> [INSTRUCTIONS TO FOLLOW] Scan the listing below for the word "card", then copy each line that has it.

> [TASK MATERIAL]
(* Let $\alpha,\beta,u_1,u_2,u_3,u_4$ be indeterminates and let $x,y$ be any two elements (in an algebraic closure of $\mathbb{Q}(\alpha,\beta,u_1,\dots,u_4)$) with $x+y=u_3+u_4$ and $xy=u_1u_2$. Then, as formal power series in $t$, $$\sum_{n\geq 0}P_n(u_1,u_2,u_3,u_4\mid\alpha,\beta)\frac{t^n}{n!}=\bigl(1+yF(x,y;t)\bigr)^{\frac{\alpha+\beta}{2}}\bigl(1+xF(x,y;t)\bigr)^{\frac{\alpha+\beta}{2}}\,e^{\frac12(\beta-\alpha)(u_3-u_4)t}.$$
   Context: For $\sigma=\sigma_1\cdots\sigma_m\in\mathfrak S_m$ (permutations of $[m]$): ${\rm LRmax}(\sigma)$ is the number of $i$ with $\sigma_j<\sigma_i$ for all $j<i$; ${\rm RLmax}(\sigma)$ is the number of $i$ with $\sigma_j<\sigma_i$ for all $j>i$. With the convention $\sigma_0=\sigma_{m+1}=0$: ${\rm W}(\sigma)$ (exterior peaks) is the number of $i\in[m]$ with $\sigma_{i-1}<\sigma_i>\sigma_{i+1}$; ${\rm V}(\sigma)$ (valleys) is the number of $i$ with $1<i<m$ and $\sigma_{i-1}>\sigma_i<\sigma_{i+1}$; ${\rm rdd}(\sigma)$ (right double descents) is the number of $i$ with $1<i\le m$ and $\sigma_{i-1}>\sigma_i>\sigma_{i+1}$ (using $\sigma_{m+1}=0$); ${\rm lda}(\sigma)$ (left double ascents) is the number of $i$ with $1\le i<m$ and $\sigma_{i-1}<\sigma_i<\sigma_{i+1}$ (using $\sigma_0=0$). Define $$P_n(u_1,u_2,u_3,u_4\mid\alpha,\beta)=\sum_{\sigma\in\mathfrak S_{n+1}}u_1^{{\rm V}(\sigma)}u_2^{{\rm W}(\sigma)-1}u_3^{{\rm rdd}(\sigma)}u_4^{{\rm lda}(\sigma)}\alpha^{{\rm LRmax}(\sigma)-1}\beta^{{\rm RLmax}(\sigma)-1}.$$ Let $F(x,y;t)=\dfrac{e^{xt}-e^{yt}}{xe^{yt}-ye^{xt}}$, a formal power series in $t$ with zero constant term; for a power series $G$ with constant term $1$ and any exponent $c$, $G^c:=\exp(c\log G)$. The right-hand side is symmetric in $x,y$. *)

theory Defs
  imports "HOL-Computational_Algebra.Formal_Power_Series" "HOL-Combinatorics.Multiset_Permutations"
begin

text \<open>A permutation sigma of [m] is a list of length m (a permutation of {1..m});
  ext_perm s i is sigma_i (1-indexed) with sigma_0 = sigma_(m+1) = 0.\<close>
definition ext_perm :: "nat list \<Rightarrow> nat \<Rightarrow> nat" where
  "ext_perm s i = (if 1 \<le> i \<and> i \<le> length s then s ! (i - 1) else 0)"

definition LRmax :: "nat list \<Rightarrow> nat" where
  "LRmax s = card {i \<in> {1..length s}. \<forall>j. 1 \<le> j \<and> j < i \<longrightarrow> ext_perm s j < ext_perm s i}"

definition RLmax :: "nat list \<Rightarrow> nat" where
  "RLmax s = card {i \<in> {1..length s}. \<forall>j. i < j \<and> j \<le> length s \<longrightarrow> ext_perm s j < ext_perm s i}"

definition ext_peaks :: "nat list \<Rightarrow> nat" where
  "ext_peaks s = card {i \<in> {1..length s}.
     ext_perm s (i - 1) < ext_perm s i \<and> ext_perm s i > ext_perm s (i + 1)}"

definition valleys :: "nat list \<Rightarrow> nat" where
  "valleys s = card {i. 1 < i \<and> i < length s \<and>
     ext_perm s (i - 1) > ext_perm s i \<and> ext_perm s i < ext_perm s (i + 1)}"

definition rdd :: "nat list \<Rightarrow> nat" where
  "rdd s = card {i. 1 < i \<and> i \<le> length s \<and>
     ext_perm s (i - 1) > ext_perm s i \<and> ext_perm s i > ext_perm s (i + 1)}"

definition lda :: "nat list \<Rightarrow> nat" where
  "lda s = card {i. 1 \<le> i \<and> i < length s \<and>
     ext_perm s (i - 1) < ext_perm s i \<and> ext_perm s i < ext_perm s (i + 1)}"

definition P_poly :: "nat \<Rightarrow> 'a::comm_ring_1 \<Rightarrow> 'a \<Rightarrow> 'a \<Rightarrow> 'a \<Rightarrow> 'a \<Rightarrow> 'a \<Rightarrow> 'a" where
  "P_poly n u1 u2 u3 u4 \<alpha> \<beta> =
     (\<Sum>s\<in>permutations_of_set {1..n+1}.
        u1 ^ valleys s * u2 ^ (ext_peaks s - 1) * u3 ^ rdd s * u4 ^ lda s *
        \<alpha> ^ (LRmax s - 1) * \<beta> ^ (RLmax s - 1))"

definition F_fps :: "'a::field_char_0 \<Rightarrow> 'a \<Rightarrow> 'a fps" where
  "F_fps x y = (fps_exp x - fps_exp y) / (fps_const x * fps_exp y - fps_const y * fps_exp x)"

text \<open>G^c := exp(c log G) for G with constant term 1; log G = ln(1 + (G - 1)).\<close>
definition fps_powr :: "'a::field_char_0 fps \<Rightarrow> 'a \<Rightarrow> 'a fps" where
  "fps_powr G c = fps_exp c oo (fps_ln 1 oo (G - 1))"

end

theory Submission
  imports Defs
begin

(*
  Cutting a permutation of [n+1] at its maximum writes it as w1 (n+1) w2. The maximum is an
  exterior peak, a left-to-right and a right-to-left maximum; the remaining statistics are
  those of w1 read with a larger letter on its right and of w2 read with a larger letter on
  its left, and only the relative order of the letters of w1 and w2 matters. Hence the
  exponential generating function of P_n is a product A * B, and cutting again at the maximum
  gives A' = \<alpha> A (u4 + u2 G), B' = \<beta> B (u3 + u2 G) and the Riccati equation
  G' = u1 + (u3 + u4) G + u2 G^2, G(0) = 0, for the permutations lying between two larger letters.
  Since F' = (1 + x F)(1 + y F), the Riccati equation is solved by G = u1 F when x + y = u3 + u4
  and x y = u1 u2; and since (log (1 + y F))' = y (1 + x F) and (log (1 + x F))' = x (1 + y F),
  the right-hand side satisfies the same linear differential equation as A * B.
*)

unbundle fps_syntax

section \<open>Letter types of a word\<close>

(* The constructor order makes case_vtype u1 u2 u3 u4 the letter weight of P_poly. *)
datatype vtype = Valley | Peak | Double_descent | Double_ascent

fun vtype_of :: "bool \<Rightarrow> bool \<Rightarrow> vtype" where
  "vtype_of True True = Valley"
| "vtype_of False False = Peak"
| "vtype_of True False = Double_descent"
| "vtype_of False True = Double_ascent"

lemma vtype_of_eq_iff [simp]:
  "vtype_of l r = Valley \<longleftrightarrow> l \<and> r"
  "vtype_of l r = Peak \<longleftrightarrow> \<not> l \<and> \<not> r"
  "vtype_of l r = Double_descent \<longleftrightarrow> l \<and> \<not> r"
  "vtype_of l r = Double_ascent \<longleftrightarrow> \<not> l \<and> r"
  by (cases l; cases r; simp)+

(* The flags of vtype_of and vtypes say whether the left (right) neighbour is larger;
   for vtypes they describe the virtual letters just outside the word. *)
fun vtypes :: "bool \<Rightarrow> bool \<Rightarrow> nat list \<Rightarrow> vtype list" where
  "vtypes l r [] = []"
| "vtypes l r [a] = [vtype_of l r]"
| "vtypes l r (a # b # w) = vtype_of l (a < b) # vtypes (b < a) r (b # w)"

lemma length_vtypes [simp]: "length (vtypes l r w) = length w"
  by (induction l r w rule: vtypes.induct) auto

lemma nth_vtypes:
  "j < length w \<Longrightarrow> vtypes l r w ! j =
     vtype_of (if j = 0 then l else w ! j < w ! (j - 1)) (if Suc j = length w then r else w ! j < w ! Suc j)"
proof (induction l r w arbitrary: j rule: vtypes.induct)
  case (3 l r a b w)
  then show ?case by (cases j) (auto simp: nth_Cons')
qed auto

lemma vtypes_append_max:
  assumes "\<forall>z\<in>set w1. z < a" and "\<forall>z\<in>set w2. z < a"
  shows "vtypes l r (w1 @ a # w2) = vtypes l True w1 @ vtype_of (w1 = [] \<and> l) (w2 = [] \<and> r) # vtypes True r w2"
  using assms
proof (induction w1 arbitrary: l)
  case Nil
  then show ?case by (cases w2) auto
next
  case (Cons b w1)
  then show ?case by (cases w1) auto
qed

> [FINAL ANSWER]
  "LRmax s = card {i \<in> {1..length s}. \<forall>j. 1 \<le> j \<and> j < i \<longrightarrow> ext_perm s j < ext_perm s i}"
  "RLmax s = card {i \<in> {1..length s}. \<forall>j. i < j \<and> j \<le> length s \<longrightarrow> ext_perm s j < ext_perm s i}"
  "ext_peaks s = card {i \<in> {1..length s}.
  "valleys s = card {i. 1 < i \<and> i < length s \<and>
  "rdd s = card {i. 1 < i \<and> i \<le> length s \<and>
  "lda s = card {i. 1 \<le> i \<and> i < length s \<and>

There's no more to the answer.